--- Exercise data Enclosed Below ---

lemma P_in_P_alg: "1 \<le> j \<Longrightarrow> j \<le> int N - 1 \<Longrightarrow> P \<tau> \<alpha> N j \<in> P_alg"
  by (rule gen_alg.gen) blast

lemma P_alg_elliptic_off_punctures: "f \<in> P_alg \<Longrightarrow> f \<in> elliptic_off_punctures"
  by (rule gen_alg_elliptic_off_punctures) (auto intro: P_elliptic_off_punctures)

lemma dvd_diff_less_iff: "m < N \<Longrightarrow> m' < N \<Longrightarrow> int N dvd (int m' - int m) \<longleftrightarrow> m' = m"
proof
  assume m: "m < N" "m' < N" and d: "int N dvd (int m' - int m)"
  have lt: "\<bar>int m' - int m\<bar> < int N" using m by auto
  show "m' = m"
  proof (rule ccontr)
    assume "m' \<noteq> m"
    then have "int m' - int m \<noteq> 0" by simp
    from dvd_imp_le_int[OF this d] have "\<bar>int N\<bar> \<le> \<bar>int m' - int m\<bar>" .
    then show False using lt by simp
  qed
qed simp

lemma dft_inversion:
  assumes m: "m < N"
  shows "(\<Sum>t<N. (\<Sum>m'<N. v m' * \<zeta> powi (int m' * int t)) * \<zeta> powi (- (int m * int t))) = of_nat N * v m"
proof -
  have "(\<Sum>t<N. (\<Sum>m'<N. v m' * \<zeta> powi (int m' * int t)) * \<zeta> powi (- (int m * int t)))
      = (\<Sum>t<N. \<Sum>m'<N. v m' * \<zeta> powi (int t * (int m' - int m)))"
  proof (intro sum.cong refl)
    fix t
    have "\<zeta> powi (int m' * int t) * \<zeta> powi (- (int m * int t)) = \<zeta> powi (int t * (int m' - int m))" for m'
      by (simp add: zeta_powi_add[symmetric] algebra_simps)
    then show "(\<Sum>m'<N. v m' * \<zeta> powi (int m' * int t)) * \<zeta> powi (- (int m * int t))
        = (\<Sum>m'<N. v m' * \<zeta> powi (int t * (int m' - int m)))"
      by (simp add: sum_distrib_right mult.assoc)
  qed
  also have "\<dots> = (\<Sum>m'<N. v m' * (\<Sum>t<N. \<zeta> powi (int t * (int m' - int m))))"
    by (subst sum.swap) (simp add: sum_distrib_left)
  also have "\<dots> = (\<Sum>m'<N. v m' * (if m' = m then of_nat N else 0))"
    by (intro sum.cong refl) (simp add: zeta_orthogonality dvd_diff_less_iff[OF m])
  also have "\<dots> = (\<Sum>m'<N. if m' = m then v m' * of_nat N else 0)" by (intro sum.cong) auto
  also have "\<dots> = of_nat N * v m" using m by (simp add: mult.commute)
  finally show ?thesis .
qed

lemma P_alg_interpolate:
  assumes M: "\<And>t. t < N \<Longrightarrow> M t \<in> P_alg"
    and ord: "\<And>t m. t < N \<Longrightarrow> m < N \<Longrightarrow> pole_le (M t) (tpt m) n (C t * \<zeta> powi (- (int m * int t)))"
    and zero: "\<And>t. t < N \<Longrightarrow> C t = 0 \<Longrightarrow> (\<Sum>m<N. v m * \<zeta> powi (int m * int t)) = 0"
  shows "\<exists>G\<in>P_alg. \<forall>m<N. pole_le G (tpt m) n (v m)"
proof -
  define S where "S = (\<lambda>t. \<Sum>m'<N. v m' * \<zeta> powi (int m' * int t))"
  define a where "a = (\<lambda>t. S t / (of_nat N * C t))"
  define G where "G = (\<lambda>z. \<Sum>t<N. a t * M t z)"
  have P_alg: "G \<in> P_alg" unfolding G_def by (intro P_alg_sum P_alg_cmult M) auto
  have "pole_le G (tpt m) n (v m)" if m: "m < N" for m
  proof -
    have "pole_le G (tpt m) n (\<Sum>t<N. a t * (C t * \<zeta> powi (- (int m * int t))))"
      unfolding G_def by (intro pole_le_sum pole_le_cmult ord m) auto
    also have "(\<Sum>t<N. a t * (C t * \<zeta> powi (- (int m * int t))))
        = (\<Sum>t<N. S t * \<zeta> powi (- (int m * int t))) / of_nat N"
    proof -
      have "a t * (C t * \<zeta> powi (- (int m * int t))) = S t * \<zeta> powi (- (int m * int t)) / of_nat N" if t: "t < N" for t
      proof (cases "C t = 0")
        case True then show ?thesis using zero[OF t] by (simp add: a_def S_def)
      next
        case False then show ?thesis using N_pos by (simp add: a_def field_simps)
      qed
      then show ?thesis by (simp add: sum_divide_distrib)
    qed
    also have "\<dots> = v m" using dft_inversion[OF m, of v] N_pos by (simp add: S_def)
    finally show ?thesis .
  qed
  then show ?thesis using P_alg by blast
qed

lemma zeta_powi_power: "(\<zeta> powi a) ^ k = \<zeta> powi (a * int k)"
  by (simp add: power_int_mult power_int_of_nat[symmetric] del: power_int_of_nat)

lemma P_alg_simple_poles:
  assumes "(\<Sum>m<N. v m) = 0"
  shows "\<exists>G\<in>P_alg. \<forall>m<N. pole_le G (tpt m) 1 (v m)"
proof -
  define M where "M = (\<lambda>t::nat. if t = 0 then (\<lambda>_. 0) else P \<tau> \<alpha> N (int t))"
  define C where "C = (\<lambda>t::nat. if t = 0 then 0 else pole_coeff (int t))"
  show ?thesis
  proof (rule P_alg_interpolate[where M=M and C=C])
    fix t assume t: "t < N"
    show "M t \<in> P_alg"
      using t gen_alg.const[of 0] P_in_P_alg[of "int t"] by (auto simp: M_def)
  next
    fix t m assume t: "t < N" and m: "m < N"
    show "pole_le (M t) (tpt m) 1 (C t * \<zeta> powi (- (int m * int t)))"
      using pole_le_Suc[OF pole_le_const[of 0 "tpt m"]] P_pole_le[OF m, of "int t"]
      by (auto simp: M_def C_def mult.commute)
  next
    fix t assume t: "t < N" and C0: "C t = 0"
    have "t = 0"
    proof (rule ccontr)
      assume "t \<noteq> 0"
      then have "pole_coeff (int t) \<noteq> 0"
        using t by (intro pole_coeff_nonzero) (auto dest: zdvd_imp_le)
      then show False using C0 \<open>t \<noteq> 0\<close> by (simp add: C_def)
    qed
    then show "(\<Sum>m<N. v m * \<zeta> powi (int m * int t)) = 0" using assms by simp
  qed
qed

lemma P_alg_higher_poles: "\<exists>G\<in>P_alg. \<forall>m<N. pole_le G (tpt m) (Suc (Suc k)) (v m)"
proof -
  have "\<forall>t::nat. \<exists>a b. 1 \<le> a \<and> a \<le> int N - 1 \<and> 1 \<le> b \<and> b \<le> int N - 1 \<and>
      (a + b) mod int N = (int t - int k) mod int N"
    using sum_of_two_nonzero_residues[OF N_ge_3] by blast
  from choice[OF this] obtain i1 where "\<forall>t::nat. \<exists>b. 1 \<le> i1 t \<and> i1 t \<le> int N - 1 \<and>
      1 \<le> b \<and> b \<le> int N - 1 \<and> (i1 t + b) mod int N = (int t - int k) mod int N"
    by (elim exE)
  from choice[OF this] obtain i2 where "\<forall>t. 1 \<le> i1 t \<and> i1 t \<le> int N - 1 \<and>
      1 \<le> i2 t \<and> i2 t \<le> int N - 1 \<and> (i1 t + i2 t) mod int N = (int t - int k) mod int N"
    by (elim exE)
  then have i1: "1 \<le> i1 t" "i1 t \<le> int N - 1" and i2: "1 \<le> i2 t" "i2 t \<le> int N - 1"
    and i12: "(i1 t + i2 t) mod int N = (int t - int k) mod int N" for t
    by auto
  have cong: "(i1 t + i2 t + int k) mod int N = int t mod int N" for t
  proof -
    have "(i1 t + i2 t + int k) mod int N = ((i1 t + i2 t) mod int N + int k) mod int N"
      by (simp add: mod_add_left_eq)
    also have "\<dots> = (int t - int k + int k) mod int N" by (simp add: i12 mod_add_left_eq)
    finally show ?thesis by simp
  qed
  define M where "M = (\<lambda>t z. P \<tau> \<alpha> N (i1 t) z * P \<tau> \<alpha> N (i2 t) z * P \<tau> \<alpha> N 1 z ^ k)"
  define C where "C = (\<lambda>t. pole_coeff (i1 t) * pole_coeff (i2 t) * pole_coeff 1 ^ k)"
  show ?thesis
  proof (rule P_alg_interpolate[where M=M and C=C])
    fix t assume t: "t < N"
    show "M t \<in> P_alg" unfolding M_def
      using i1[of t] i2[of t] N_ge_3 by (intro gen_alg.mult P_alg_power P_in_P_alg) auto
  next
    fix t m assume t: "t < N" and m: "m < N"
    have "pole_le (M t) (tpt m) ((1 + 1) + 1 * k)
        (((\<zeta> powi (- (int m * i1 t)) * pole_coeff (i1 t)) * (\<zeta> powi (- (int m * i2 t)) * pole_coeff (i2 t))) *
         (\<zeta> powi (- (int m * 1)) * pole_coeff 1) ^ k)"
      unfolding M_def by (intro pole_le_mult pole_le_power P_pole_le m)
    also have "(1 + 1) + 1 * k = Suc (Suc k)" by simp
    also have "((\<zeta> powi (- (int m * i1 t)) * pole_coeff (i1 t)) * (\<zeta> powi (- (int m * i2 t)) * pole_coeff (i2 t))) *
         (\<zeta> powi (- (int m * 1)) * pole_coeff 1) ^ k
        = C t * (\<zeta> powi (- (int m * i1 t)) * \<zeta> powi (- (int m * i2 t)) * (\<zeta> powi (- (int m * 1))) ^ k)"
      by (simp add: C_def power_mult_distrib mult_ac)
    also have "\<zeta> powi (- (int m * i1 t)) * \<zeta> powi (- (int m * i2 t)) * (\<zeta> powi (- (int m * 1))) ^ k
        = \<zeta> powi (- (int m * (i1 t + i2 t + int k)))"
      by (simp add: zeta_powi_power zeta_powi_add[symmetric] algebra_simps)
    also have "\<dots> = \<zeta> powi (- (int m * int t))"
      by (intro zeta_powi_cong mod_minus_cong mod_mult_cong refl cong)
    finally show "pole_le (M t) (tpt m) (Suc (Suc k)) (C t * \<zeta> powi (- (int m * int t)))" .
  next
    fix t assume t: "t < N" and C0: "C t = 0"
    have "\<not> int N dvd i1 t" "\<not> int N dvd i2 t" "\<not> int N dvd 1"
      using i1[of t] i2[of t] N_ge_3 by (auto dest: zdvd_imp_le)
    then have "C t \<noteq> 0" by (simp add: C_def pole_coeff_nonzero)
    then show "(\<Sum>m<N. v m * \<zeta> powi (int m * int t)) = 0" using C0 by simp
  qed
qed

lemma P_alg_lower_pole_order:
  assumes hol: "f holomorphic_on - punctures"
    and per: "\<And>z p. z \<notin> punctures \<Longrightarrow> p \<in> \<Lambda> \<Longrightarrow> f (z + p) = f z"
    and ord: "\<And>m. m < N \<Longrightarrow> \<exists>c. pole_le f (tpt m) (Suc n) c"
  obtains G where "G \<in> P_alg" "\<And>m. m < N \<Longrightarrow> \<exists>c. pole_le (\<lambda>z. f z - G z) (tpt m) n c"
proof -
  obtain v where v: "\<And>m. m < N \<Longrightarrow> pole_le f (tpt m) (Suc n) (v m)"
    using ord by metis
  have "\<exists>G\<in>P_alg. \<forall>m<N. pole_le G (tpt m) (Suc n) (v m)"
  proof (cases n)
    case 0
    have "(\<Sum>m<N. v m) = 0"
    proof (rule torsion_residue_sum_zero[OF hol])
      show "f (z + p) = f z" if "z \<notin> punctures" "p \<in> \<Lambda>" for z p by (rule per[OF that])
      fix m assume "m < N"
      then show "((\<lambda>z. (z - tpt m) * f z) \<longlongrightarrow> v m) (at (tpt m))"
        using v 0 by (simp add: pole_le_def)
    qed
    from P_alg_simple_poles[OF this] show ?thesis using 0 by simp
  next
    case (Suc k)
    then show ?thesis using P_alg_higher_poles[of k v] by simp
  qed
  then obtain G where G: "G \<in> P_alg" "\<And>m. m < N \<Longrightarrow> pole_le G (tpt m) (Suc n) (v m)"
    by blast
  have "G holomorphic_on - punctures"
    using P_alg_elliptic_off_punctures[OF G(1)] by (simp add: elliptic_off_punctures_def)
  then have hol1: "(\<lambda>z. f z - G z) holomorphic_on - punctures"
    using hol by (intro holomorphic_intros)
  have "\<exists>c. pole_le (\<lambda>z. f z - G z) (tpt m) n c" if m: "m < N" for m
  proof -
    have z: "pole_le (\<lambda>z. f z - G z) (tpt m) (Suc n) 0"
      using pole_le_diff[OF v[OF m] G(2)[OF m]] by simp
    obtain r where "r > 0" "(\<lambda>z. f z - G z) holomorphic_on ball (tpt m) r - {tpt m}"
      using holomorphic_punctured_ball[OF hol1] by blast
    from pole_le_lower[OF this z] show ?thesis .
  qed
  with G(1) show ?thesis by (rule that)
qed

--- End of Enclosed Exercise data ---

> [What is expected] Set down, unchanged, only those lines above that fall between the line with "int m \<noteq>" and the line with "proof (intro sum.cong refl)", the two end lines included.

> [Written answer]
    then have "int m' - int m \<noteq> 0" by simp
    from dvd_imp_le_int[OF this d] have "\<bar>int N\<bar> \<le> \<bar>int m' - int m\<bar>" .
    then show False using lt by simp
  qed
qed simp

lemma dft_inversion:
  assumes m: "m < N"
  shows "(\<Sum>t<N. (\<Sum>m'<N. v m' * \<zeta> powi (int m' * int t)) * \<zeta> powi (- (int m * int t))) = of_nat N * v m"
proof -
  have "(\<Sum>t<N. (\<Sum>m'<N. v m' * \<zeta> powi (int m' * int t)) * \<zeta> powi (- (int m * int t)))
      = (\<Sum>t<N. \<Sum>m'<N. v m' * \<zeta> powi (int t * (int m' - int m)))"
  proof (intro sum.cong refl)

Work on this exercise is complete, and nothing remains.